Within the records, tally the lines that contain "summable" and reply with that number only.

[Collected data]

::::::::::

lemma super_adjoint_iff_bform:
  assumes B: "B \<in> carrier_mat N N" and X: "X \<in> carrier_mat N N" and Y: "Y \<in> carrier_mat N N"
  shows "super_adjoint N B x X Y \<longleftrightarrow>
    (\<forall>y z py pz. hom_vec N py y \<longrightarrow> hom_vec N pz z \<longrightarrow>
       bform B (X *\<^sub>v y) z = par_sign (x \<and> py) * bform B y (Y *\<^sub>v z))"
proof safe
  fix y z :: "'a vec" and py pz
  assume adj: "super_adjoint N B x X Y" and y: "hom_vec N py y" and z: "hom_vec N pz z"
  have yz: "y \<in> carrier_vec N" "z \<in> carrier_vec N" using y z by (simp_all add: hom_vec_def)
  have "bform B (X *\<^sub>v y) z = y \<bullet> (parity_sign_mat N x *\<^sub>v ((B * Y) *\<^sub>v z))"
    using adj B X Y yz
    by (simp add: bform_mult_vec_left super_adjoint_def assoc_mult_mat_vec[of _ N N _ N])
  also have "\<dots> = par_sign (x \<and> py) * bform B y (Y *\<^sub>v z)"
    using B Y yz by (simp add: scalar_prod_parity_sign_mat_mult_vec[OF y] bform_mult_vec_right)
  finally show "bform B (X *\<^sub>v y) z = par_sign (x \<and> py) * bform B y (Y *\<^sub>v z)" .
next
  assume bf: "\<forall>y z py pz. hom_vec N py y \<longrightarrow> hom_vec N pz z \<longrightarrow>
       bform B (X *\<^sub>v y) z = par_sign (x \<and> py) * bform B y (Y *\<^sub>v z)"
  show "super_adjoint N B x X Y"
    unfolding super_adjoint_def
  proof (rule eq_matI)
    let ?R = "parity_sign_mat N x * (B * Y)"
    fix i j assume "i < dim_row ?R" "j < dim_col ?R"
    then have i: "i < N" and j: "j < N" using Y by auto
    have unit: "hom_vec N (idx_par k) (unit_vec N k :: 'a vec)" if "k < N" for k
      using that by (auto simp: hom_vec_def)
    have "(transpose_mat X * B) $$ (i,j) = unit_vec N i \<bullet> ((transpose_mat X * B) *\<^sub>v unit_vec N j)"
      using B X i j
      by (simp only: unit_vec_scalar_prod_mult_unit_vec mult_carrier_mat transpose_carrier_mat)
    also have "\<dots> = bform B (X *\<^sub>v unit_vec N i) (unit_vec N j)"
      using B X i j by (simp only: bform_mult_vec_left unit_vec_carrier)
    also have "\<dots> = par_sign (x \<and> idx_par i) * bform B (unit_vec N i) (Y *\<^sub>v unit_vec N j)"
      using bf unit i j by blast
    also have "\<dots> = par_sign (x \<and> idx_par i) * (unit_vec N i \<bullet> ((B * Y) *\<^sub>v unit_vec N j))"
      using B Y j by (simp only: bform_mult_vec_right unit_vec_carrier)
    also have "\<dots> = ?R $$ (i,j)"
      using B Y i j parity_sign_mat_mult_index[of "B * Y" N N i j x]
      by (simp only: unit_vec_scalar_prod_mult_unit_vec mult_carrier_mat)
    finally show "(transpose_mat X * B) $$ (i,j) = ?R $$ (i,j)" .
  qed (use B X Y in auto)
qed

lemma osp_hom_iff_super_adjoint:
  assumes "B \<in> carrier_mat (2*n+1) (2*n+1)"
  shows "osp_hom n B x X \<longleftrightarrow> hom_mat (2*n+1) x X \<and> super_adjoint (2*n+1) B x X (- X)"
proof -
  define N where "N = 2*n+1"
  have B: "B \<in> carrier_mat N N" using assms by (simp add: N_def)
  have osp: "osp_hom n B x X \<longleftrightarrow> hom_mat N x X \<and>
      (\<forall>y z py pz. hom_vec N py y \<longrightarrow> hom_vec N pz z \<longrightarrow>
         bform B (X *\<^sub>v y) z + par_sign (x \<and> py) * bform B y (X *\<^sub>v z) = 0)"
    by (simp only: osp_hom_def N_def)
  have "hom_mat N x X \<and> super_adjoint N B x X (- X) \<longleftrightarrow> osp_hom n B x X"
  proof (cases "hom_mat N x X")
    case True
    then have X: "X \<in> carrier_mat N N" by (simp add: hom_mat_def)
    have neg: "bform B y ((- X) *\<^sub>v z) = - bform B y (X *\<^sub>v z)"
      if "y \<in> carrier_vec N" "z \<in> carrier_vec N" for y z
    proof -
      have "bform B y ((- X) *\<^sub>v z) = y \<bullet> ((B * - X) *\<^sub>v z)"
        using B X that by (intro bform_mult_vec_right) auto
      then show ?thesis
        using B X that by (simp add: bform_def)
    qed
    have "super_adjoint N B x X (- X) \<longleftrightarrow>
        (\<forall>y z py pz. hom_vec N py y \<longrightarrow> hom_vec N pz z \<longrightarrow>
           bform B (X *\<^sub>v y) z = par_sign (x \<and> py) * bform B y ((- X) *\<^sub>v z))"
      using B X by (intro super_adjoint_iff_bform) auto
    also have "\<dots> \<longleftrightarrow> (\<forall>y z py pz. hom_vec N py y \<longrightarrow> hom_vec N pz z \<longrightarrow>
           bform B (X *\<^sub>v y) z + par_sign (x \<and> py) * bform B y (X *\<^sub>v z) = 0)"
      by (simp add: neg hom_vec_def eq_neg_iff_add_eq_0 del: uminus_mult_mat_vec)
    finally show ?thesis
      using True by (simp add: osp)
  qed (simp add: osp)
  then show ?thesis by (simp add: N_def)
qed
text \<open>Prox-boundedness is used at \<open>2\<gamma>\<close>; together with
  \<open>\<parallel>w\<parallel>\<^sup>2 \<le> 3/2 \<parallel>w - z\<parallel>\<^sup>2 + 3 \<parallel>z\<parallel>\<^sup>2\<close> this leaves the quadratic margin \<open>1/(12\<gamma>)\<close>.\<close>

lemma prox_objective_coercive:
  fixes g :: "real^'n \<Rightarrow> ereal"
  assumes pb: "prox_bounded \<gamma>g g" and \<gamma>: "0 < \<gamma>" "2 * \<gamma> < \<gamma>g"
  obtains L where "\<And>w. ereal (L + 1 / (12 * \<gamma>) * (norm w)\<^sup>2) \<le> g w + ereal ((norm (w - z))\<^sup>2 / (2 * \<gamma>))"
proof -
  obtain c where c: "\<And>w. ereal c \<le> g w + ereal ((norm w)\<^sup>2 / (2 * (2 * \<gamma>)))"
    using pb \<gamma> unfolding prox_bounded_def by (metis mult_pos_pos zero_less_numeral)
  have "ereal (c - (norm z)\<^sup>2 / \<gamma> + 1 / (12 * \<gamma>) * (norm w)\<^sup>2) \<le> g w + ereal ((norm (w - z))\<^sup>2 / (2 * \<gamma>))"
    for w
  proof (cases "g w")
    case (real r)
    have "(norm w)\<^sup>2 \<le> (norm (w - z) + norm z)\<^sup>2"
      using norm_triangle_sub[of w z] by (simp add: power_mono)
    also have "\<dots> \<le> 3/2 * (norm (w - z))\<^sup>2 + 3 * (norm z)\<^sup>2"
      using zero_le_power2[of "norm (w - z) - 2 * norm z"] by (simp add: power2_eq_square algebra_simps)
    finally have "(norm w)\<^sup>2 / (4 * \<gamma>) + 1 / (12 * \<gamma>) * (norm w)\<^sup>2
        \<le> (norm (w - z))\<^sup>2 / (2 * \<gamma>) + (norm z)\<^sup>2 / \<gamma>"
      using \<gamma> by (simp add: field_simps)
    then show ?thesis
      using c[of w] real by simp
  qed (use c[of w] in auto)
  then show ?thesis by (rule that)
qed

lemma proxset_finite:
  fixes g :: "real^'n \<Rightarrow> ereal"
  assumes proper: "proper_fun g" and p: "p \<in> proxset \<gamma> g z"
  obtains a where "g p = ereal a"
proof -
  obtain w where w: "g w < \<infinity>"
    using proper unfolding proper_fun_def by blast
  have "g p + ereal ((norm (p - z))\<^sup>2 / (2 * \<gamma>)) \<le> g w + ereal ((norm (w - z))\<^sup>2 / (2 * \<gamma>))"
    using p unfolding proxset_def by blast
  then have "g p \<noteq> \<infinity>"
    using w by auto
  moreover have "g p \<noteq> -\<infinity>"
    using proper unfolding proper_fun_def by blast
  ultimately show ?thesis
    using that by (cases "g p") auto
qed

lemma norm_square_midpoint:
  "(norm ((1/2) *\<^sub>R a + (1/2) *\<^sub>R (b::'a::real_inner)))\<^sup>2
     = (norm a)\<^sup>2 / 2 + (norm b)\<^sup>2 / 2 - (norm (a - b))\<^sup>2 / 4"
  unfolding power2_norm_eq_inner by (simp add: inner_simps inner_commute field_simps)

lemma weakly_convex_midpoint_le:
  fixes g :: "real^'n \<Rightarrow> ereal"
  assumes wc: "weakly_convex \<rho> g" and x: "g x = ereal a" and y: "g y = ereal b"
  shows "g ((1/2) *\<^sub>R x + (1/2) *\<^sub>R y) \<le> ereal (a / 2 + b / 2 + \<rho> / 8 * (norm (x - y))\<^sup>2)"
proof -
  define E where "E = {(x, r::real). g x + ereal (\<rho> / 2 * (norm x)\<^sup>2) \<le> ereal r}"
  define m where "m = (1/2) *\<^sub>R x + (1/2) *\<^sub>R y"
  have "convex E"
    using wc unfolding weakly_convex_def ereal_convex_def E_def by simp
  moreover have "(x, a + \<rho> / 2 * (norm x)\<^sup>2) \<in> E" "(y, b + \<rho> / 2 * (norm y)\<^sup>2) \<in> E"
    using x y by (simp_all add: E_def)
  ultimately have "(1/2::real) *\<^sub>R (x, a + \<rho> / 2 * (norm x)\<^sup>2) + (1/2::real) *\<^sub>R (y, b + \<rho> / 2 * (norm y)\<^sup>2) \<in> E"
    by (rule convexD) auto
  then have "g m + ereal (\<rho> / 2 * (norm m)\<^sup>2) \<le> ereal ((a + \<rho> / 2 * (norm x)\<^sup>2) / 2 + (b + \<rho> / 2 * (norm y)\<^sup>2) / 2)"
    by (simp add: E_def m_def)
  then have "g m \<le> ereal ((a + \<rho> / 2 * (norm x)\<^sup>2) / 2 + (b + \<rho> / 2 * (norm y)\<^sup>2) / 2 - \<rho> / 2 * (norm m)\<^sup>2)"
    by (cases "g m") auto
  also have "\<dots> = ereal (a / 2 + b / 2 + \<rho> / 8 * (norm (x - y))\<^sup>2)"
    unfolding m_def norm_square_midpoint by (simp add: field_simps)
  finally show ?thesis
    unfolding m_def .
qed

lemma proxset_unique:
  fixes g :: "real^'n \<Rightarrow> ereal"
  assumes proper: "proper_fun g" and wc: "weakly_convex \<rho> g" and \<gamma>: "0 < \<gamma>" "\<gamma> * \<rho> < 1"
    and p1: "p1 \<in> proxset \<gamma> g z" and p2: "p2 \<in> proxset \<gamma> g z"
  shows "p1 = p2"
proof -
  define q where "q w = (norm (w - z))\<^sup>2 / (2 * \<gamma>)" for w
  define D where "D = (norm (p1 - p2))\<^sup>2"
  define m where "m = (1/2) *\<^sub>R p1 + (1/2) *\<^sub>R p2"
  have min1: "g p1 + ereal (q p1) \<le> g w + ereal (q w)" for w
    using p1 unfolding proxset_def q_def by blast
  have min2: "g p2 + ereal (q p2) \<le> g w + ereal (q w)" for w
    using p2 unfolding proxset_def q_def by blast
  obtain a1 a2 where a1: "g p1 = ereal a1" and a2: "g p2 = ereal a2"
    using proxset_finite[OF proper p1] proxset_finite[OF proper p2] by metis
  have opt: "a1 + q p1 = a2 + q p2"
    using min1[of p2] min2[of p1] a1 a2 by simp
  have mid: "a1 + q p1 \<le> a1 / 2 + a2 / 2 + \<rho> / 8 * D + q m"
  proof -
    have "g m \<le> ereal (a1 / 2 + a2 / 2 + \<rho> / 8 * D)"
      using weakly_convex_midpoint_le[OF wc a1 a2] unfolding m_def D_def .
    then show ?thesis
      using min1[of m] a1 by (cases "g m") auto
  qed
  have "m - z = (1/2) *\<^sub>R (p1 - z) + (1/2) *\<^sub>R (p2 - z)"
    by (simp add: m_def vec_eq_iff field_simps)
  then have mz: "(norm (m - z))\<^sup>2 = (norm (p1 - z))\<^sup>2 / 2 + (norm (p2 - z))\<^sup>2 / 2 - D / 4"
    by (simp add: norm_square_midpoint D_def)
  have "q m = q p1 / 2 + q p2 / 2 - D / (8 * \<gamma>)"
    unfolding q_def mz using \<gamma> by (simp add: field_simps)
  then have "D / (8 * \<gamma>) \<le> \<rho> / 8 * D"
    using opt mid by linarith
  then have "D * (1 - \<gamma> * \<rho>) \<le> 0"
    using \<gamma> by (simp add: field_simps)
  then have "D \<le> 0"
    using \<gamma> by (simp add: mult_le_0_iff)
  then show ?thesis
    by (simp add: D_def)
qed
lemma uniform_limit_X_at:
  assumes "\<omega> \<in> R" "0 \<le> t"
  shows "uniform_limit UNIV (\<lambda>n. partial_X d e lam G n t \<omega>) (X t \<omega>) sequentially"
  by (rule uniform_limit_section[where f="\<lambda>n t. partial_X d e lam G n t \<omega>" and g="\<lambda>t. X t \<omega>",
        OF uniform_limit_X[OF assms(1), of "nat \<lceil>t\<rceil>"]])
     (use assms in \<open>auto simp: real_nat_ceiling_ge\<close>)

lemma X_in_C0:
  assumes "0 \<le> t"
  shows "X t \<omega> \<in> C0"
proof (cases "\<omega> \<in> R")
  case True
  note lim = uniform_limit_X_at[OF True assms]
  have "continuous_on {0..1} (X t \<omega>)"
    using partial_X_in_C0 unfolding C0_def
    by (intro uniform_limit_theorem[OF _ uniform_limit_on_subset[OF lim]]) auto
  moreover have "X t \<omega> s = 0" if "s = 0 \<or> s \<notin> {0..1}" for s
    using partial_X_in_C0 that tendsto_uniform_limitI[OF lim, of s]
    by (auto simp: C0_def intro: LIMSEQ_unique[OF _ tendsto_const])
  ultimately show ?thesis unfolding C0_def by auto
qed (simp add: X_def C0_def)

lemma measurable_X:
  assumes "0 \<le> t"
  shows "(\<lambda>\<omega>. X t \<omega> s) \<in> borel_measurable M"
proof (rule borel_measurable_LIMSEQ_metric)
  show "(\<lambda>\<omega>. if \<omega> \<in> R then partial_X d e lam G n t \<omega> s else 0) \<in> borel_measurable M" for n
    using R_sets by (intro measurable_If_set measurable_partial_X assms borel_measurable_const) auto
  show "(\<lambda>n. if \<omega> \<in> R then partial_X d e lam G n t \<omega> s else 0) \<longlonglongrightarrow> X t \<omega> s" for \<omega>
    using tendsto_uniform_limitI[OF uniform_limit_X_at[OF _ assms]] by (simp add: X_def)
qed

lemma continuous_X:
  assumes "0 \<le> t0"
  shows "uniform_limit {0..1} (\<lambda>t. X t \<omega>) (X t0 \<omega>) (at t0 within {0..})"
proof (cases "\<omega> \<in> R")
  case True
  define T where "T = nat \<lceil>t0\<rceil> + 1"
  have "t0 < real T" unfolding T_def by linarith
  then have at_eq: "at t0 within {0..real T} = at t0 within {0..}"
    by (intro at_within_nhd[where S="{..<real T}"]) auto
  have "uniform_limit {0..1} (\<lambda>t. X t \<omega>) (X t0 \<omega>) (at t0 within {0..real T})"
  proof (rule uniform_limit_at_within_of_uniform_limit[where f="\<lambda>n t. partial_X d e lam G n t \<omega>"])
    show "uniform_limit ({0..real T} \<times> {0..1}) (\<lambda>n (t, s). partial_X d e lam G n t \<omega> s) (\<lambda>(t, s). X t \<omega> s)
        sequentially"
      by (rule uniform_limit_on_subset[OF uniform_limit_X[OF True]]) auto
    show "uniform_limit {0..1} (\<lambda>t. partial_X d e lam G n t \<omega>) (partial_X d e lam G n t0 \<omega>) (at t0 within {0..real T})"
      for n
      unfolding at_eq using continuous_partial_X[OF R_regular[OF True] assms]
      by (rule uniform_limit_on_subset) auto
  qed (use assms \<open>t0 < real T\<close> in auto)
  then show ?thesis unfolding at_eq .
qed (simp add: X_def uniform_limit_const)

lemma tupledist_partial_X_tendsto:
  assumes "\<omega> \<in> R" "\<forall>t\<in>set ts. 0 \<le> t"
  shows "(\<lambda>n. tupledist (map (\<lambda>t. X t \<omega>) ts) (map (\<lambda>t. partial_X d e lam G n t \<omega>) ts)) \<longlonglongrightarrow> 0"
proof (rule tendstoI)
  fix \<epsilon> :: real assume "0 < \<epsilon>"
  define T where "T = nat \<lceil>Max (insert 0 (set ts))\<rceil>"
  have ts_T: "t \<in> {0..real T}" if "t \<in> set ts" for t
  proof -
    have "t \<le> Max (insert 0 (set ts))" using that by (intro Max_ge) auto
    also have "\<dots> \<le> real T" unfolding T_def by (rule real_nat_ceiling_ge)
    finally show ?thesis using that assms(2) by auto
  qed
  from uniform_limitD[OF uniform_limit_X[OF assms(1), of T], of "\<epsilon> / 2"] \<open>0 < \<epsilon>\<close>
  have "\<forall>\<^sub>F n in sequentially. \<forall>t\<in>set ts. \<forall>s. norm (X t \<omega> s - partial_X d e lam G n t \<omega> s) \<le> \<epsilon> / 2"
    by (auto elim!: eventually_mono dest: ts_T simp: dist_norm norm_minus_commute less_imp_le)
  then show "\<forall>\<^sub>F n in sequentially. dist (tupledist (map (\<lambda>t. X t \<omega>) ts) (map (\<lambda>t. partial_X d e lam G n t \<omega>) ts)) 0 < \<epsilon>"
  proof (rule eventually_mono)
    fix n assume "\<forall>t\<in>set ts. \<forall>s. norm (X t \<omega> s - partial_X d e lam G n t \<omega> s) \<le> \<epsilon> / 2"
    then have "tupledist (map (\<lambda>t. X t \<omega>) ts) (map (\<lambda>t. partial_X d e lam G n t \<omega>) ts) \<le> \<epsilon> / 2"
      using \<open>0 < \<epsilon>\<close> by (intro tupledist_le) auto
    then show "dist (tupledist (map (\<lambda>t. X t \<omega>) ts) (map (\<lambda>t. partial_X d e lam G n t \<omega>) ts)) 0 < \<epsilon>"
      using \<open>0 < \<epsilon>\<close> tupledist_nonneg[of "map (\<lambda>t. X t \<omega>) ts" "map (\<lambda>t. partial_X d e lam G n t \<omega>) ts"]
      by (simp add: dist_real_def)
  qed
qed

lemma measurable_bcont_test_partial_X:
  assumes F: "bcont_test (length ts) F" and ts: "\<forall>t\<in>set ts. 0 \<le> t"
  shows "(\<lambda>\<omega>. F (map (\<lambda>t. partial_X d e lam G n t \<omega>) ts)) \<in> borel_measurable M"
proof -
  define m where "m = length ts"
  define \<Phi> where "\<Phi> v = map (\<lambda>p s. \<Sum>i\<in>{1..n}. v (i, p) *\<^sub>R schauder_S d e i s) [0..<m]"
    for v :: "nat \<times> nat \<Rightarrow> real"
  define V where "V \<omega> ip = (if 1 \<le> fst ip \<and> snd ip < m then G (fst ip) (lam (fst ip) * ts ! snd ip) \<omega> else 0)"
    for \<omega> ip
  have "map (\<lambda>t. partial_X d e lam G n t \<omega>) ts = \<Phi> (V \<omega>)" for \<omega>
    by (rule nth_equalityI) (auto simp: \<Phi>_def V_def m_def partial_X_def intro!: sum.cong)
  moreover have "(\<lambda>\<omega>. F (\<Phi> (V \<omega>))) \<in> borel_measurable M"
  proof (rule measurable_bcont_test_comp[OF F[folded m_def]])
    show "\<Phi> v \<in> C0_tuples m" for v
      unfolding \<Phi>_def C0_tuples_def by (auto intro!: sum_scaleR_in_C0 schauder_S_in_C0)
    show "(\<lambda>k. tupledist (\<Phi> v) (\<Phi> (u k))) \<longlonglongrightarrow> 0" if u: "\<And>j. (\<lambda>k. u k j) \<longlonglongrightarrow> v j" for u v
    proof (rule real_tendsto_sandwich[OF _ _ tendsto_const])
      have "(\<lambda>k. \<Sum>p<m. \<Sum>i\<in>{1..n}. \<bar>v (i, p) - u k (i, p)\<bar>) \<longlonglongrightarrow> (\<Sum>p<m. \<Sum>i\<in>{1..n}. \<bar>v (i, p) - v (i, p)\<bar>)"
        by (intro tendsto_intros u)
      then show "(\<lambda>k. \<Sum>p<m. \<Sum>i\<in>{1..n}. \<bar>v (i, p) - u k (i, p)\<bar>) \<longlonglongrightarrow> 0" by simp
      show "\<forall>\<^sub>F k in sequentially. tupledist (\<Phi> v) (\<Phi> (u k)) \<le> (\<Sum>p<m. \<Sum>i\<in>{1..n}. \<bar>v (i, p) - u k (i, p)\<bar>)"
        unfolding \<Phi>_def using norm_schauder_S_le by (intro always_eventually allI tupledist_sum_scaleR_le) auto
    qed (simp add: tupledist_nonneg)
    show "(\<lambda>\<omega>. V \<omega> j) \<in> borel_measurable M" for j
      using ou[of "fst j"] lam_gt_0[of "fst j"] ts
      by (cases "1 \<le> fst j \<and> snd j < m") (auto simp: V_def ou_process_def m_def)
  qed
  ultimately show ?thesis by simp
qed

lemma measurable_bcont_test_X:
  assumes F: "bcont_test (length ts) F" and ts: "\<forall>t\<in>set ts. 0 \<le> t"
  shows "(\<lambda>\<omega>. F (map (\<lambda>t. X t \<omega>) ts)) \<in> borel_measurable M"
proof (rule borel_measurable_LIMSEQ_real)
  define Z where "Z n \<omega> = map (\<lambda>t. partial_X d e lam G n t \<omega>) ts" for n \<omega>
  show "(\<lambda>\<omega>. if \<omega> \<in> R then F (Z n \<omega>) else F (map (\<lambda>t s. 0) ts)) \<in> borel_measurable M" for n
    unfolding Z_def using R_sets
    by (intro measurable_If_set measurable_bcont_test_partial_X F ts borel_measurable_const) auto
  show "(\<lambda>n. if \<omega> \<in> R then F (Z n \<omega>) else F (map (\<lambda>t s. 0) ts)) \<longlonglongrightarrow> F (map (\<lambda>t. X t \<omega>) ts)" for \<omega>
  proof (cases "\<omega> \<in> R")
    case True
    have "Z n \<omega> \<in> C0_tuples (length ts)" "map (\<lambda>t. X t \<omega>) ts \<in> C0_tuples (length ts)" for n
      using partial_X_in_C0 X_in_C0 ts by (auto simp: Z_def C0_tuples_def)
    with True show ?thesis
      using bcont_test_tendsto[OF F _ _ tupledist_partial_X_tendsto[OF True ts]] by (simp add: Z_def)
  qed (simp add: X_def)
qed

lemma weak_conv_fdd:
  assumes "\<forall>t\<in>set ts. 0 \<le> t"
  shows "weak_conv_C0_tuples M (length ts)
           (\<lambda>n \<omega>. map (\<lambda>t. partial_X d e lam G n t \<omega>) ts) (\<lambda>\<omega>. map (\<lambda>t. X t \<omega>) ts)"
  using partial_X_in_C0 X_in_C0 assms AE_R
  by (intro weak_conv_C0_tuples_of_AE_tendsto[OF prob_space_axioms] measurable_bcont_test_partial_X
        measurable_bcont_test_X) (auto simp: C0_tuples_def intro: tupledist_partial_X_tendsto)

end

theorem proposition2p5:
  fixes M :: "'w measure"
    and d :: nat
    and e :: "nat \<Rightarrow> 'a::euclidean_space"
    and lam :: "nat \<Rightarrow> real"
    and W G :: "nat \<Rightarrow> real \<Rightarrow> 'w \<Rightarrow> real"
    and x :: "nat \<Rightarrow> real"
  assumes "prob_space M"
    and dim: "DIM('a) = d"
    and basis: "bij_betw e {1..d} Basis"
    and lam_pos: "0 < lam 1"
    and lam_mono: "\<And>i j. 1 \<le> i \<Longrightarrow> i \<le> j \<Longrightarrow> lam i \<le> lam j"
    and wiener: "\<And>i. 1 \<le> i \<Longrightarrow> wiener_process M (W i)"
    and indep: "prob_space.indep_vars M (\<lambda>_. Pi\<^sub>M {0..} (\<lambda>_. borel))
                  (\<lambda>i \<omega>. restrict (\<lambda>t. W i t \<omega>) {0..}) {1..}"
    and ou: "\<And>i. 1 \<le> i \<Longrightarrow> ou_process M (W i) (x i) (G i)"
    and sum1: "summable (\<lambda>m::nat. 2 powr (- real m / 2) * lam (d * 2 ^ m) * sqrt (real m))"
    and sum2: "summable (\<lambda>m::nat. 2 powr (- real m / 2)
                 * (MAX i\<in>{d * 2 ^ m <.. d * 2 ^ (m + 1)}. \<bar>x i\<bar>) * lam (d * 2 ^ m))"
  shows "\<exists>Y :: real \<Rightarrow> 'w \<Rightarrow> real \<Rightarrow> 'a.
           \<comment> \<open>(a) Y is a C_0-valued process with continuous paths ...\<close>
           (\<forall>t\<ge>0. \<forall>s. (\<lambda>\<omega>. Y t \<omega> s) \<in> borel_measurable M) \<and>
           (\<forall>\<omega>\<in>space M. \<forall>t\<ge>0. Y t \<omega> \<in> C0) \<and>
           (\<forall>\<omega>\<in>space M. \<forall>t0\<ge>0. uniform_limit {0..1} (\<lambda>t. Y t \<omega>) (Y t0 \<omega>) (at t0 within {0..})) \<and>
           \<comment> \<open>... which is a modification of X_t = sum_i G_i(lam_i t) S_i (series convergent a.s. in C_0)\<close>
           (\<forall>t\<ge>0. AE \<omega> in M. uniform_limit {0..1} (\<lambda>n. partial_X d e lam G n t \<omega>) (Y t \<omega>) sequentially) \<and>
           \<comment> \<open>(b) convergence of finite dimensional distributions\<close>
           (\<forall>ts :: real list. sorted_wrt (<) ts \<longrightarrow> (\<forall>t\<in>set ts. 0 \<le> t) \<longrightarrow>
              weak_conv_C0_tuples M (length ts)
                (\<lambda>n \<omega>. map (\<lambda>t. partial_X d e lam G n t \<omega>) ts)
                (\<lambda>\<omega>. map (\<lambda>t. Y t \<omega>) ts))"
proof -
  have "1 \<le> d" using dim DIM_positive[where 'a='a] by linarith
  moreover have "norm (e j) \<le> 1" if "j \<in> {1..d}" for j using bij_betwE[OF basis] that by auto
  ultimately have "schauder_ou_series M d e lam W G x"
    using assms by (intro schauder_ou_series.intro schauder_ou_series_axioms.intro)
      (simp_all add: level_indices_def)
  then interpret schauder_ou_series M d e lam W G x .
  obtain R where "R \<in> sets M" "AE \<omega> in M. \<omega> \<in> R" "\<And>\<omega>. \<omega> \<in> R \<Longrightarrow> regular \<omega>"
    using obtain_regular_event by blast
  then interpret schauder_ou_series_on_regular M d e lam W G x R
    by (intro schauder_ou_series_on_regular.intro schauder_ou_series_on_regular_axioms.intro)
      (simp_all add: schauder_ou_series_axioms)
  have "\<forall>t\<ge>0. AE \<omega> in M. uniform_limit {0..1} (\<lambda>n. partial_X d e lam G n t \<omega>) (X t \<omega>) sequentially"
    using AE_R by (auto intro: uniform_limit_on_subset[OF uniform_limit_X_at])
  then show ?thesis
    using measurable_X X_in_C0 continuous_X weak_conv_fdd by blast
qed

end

::::::::::

■ **SOLUTION FOR THIS EXERCISE**: 2